__Task brief__
Find each line below that includes "tail", then copy it.
##########
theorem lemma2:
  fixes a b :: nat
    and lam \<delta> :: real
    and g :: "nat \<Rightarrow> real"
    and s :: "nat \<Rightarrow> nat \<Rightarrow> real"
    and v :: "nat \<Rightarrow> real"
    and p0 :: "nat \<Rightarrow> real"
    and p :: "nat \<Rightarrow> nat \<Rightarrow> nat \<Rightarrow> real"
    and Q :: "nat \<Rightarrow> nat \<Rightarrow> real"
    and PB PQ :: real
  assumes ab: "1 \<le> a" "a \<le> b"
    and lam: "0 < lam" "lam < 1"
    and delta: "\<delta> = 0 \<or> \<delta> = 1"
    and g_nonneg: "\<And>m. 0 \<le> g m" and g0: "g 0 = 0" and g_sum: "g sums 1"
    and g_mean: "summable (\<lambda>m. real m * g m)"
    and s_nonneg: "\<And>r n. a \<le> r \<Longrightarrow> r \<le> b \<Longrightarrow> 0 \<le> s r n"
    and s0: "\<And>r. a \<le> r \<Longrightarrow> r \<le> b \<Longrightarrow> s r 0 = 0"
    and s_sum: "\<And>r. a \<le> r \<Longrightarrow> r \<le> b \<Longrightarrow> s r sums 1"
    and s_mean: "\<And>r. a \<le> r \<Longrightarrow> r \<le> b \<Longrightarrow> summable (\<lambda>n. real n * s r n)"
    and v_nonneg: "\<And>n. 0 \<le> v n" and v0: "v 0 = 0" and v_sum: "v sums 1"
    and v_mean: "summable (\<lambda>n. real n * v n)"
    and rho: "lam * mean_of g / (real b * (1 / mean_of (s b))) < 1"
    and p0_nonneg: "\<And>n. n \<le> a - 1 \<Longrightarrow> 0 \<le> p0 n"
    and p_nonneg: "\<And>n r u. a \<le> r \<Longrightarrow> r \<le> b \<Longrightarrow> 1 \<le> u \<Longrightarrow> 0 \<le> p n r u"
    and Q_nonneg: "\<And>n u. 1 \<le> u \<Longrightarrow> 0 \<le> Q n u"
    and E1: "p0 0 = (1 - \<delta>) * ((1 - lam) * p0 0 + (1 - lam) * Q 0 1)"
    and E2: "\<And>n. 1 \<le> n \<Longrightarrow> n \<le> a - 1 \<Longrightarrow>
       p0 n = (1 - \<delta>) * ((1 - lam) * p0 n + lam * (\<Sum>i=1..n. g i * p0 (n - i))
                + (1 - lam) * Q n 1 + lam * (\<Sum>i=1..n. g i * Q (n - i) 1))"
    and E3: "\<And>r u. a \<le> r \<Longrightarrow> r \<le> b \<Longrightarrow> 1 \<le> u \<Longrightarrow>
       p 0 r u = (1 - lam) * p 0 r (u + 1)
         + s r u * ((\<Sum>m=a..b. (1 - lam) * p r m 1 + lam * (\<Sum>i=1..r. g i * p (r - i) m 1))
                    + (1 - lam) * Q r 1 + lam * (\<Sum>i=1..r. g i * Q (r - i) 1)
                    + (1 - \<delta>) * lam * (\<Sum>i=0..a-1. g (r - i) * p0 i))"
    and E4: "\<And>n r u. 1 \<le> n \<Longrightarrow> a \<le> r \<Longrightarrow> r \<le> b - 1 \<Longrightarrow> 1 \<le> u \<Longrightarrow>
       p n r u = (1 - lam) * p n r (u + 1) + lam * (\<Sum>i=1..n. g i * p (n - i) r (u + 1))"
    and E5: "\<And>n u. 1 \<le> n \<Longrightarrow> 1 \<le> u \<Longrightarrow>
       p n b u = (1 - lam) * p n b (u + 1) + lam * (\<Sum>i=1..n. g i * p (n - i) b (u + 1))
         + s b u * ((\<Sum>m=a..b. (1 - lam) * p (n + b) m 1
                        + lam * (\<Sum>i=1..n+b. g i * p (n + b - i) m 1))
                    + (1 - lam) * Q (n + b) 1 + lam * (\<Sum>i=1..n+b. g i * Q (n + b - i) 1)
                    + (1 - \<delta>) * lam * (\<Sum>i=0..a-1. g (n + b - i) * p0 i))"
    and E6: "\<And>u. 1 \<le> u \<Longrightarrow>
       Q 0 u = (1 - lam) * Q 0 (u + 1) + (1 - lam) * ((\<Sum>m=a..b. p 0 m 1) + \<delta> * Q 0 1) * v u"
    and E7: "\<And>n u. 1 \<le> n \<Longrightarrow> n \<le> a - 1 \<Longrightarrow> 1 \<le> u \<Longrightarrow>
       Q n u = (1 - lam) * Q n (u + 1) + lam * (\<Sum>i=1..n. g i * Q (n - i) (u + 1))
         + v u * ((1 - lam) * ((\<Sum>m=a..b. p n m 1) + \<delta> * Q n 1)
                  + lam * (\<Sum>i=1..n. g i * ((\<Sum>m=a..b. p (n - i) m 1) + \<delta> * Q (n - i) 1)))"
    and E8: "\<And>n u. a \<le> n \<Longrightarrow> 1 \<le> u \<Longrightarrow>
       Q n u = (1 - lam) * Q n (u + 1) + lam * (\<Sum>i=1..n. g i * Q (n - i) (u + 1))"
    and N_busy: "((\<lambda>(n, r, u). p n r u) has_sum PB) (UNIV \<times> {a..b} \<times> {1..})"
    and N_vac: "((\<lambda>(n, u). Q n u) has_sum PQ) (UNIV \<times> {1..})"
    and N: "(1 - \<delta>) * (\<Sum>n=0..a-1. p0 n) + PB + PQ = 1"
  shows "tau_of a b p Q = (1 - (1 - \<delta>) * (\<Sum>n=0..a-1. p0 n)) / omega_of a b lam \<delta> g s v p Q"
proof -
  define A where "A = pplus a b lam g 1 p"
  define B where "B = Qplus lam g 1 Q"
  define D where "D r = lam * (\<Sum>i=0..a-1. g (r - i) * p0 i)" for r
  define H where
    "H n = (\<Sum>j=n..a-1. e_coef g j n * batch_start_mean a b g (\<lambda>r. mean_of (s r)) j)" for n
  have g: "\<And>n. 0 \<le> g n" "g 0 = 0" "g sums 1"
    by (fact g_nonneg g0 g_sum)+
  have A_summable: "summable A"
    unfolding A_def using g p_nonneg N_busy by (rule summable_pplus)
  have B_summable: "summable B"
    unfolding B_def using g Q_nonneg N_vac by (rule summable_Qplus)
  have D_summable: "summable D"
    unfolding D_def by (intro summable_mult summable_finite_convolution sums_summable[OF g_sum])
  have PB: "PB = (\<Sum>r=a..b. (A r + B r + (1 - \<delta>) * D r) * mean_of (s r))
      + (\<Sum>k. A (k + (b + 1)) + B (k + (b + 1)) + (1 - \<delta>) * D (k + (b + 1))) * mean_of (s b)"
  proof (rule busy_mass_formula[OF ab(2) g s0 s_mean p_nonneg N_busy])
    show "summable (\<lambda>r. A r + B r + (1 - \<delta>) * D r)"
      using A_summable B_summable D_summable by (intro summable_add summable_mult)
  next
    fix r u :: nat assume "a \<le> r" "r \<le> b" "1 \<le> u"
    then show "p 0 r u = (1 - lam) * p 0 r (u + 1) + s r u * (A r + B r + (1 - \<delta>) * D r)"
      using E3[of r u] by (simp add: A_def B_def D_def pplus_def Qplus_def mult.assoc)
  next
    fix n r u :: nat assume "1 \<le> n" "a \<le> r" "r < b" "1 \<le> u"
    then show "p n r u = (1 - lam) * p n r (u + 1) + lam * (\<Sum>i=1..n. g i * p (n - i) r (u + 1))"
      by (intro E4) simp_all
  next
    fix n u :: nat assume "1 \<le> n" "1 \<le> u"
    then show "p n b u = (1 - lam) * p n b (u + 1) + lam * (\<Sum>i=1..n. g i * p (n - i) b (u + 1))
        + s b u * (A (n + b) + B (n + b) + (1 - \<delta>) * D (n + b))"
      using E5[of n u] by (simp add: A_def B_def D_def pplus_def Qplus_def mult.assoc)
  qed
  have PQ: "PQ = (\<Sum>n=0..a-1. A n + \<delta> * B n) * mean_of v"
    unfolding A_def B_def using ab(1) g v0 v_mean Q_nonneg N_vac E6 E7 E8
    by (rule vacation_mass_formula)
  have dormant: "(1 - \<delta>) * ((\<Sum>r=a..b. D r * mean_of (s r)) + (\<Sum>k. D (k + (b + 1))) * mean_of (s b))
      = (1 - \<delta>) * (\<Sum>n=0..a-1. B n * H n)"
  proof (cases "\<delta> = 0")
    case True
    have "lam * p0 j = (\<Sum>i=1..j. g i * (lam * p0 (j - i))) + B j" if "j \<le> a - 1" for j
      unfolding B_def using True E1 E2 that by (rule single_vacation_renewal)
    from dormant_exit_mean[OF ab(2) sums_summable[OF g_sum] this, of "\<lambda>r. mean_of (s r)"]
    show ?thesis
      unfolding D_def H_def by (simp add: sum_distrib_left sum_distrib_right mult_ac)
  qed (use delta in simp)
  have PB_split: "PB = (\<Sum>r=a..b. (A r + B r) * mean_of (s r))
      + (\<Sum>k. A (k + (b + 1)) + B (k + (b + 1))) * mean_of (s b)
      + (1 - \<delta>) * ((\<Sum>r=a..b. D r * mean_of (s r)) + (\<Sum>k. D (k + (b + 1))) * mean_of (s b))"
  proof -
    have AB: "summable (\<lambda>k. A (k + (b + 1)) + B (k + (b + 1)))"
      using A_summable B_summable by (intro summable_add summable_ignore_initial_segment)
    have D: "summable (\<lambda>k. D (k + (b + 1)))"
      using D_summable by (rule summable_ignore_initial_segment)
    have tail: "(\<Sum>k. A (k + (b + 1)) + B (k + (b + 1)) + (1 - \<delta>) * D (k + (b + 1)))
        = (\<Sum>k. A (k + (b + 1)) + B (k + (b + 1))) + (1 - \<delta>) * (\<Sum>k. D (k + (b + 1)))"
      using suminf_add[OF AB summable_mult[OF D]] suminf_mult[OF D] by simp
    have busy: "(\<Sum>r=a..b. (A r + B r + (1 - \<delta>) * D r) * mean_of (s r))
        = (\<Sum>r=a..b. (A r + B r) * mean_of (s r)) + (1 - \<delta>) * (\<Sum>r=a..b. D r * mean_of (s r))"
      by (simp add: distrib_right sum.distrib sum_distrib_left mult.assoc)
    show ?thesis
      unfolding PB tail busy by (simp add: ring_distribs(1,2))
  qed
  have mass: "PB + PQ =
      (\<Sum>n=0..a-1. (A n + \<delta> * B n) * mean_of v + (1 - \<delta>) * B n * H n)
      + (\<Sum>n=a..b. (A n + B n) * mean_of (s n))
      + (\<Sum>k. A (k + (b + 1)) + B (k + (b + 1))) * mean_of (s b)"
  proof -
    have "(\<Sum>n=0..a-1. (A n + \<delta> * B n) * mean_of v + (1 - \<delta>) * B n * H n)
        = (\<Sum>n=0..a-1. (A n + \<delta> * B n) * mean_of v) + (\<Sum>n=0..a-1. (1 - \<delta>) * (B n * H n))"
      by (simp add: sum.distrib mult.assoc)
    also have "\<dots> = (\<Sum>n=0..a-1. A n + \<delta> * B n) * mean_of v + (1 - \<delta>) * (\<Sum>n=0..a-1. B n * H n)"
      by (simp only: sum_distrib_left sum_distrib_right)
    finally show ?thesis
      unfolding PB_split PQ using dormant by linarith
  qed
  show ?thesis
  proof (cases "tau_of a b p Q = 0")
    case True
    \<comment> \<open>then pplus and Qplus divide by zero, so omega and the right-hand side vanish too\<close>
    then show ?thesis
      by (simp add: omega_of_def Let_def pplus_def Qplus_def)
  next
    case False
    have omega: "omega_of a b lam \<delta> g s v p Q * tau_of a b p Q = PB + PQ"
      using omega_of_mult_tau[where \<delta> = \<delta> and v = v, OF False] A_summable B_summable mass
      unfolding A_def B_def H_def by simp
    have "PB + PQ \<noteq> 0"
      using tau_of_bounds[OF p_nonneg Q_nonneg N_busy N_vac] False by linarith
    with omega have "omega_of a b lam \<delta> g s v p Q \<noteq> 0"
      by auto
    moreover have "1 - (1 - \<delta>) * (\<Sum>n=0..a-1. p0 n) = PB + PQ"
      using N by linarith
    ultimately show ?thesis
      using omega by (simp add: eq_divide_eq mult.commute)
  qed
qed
##########
__Response to the task__
    have tail: "(\<Sum>k. A (k + (b + 1)) + B (k + (b + 1)) + (1 - \<delta>) * D (k + (b + 1)))
      unfolding PB tail busy by (simp add: ring_distribs(1,2))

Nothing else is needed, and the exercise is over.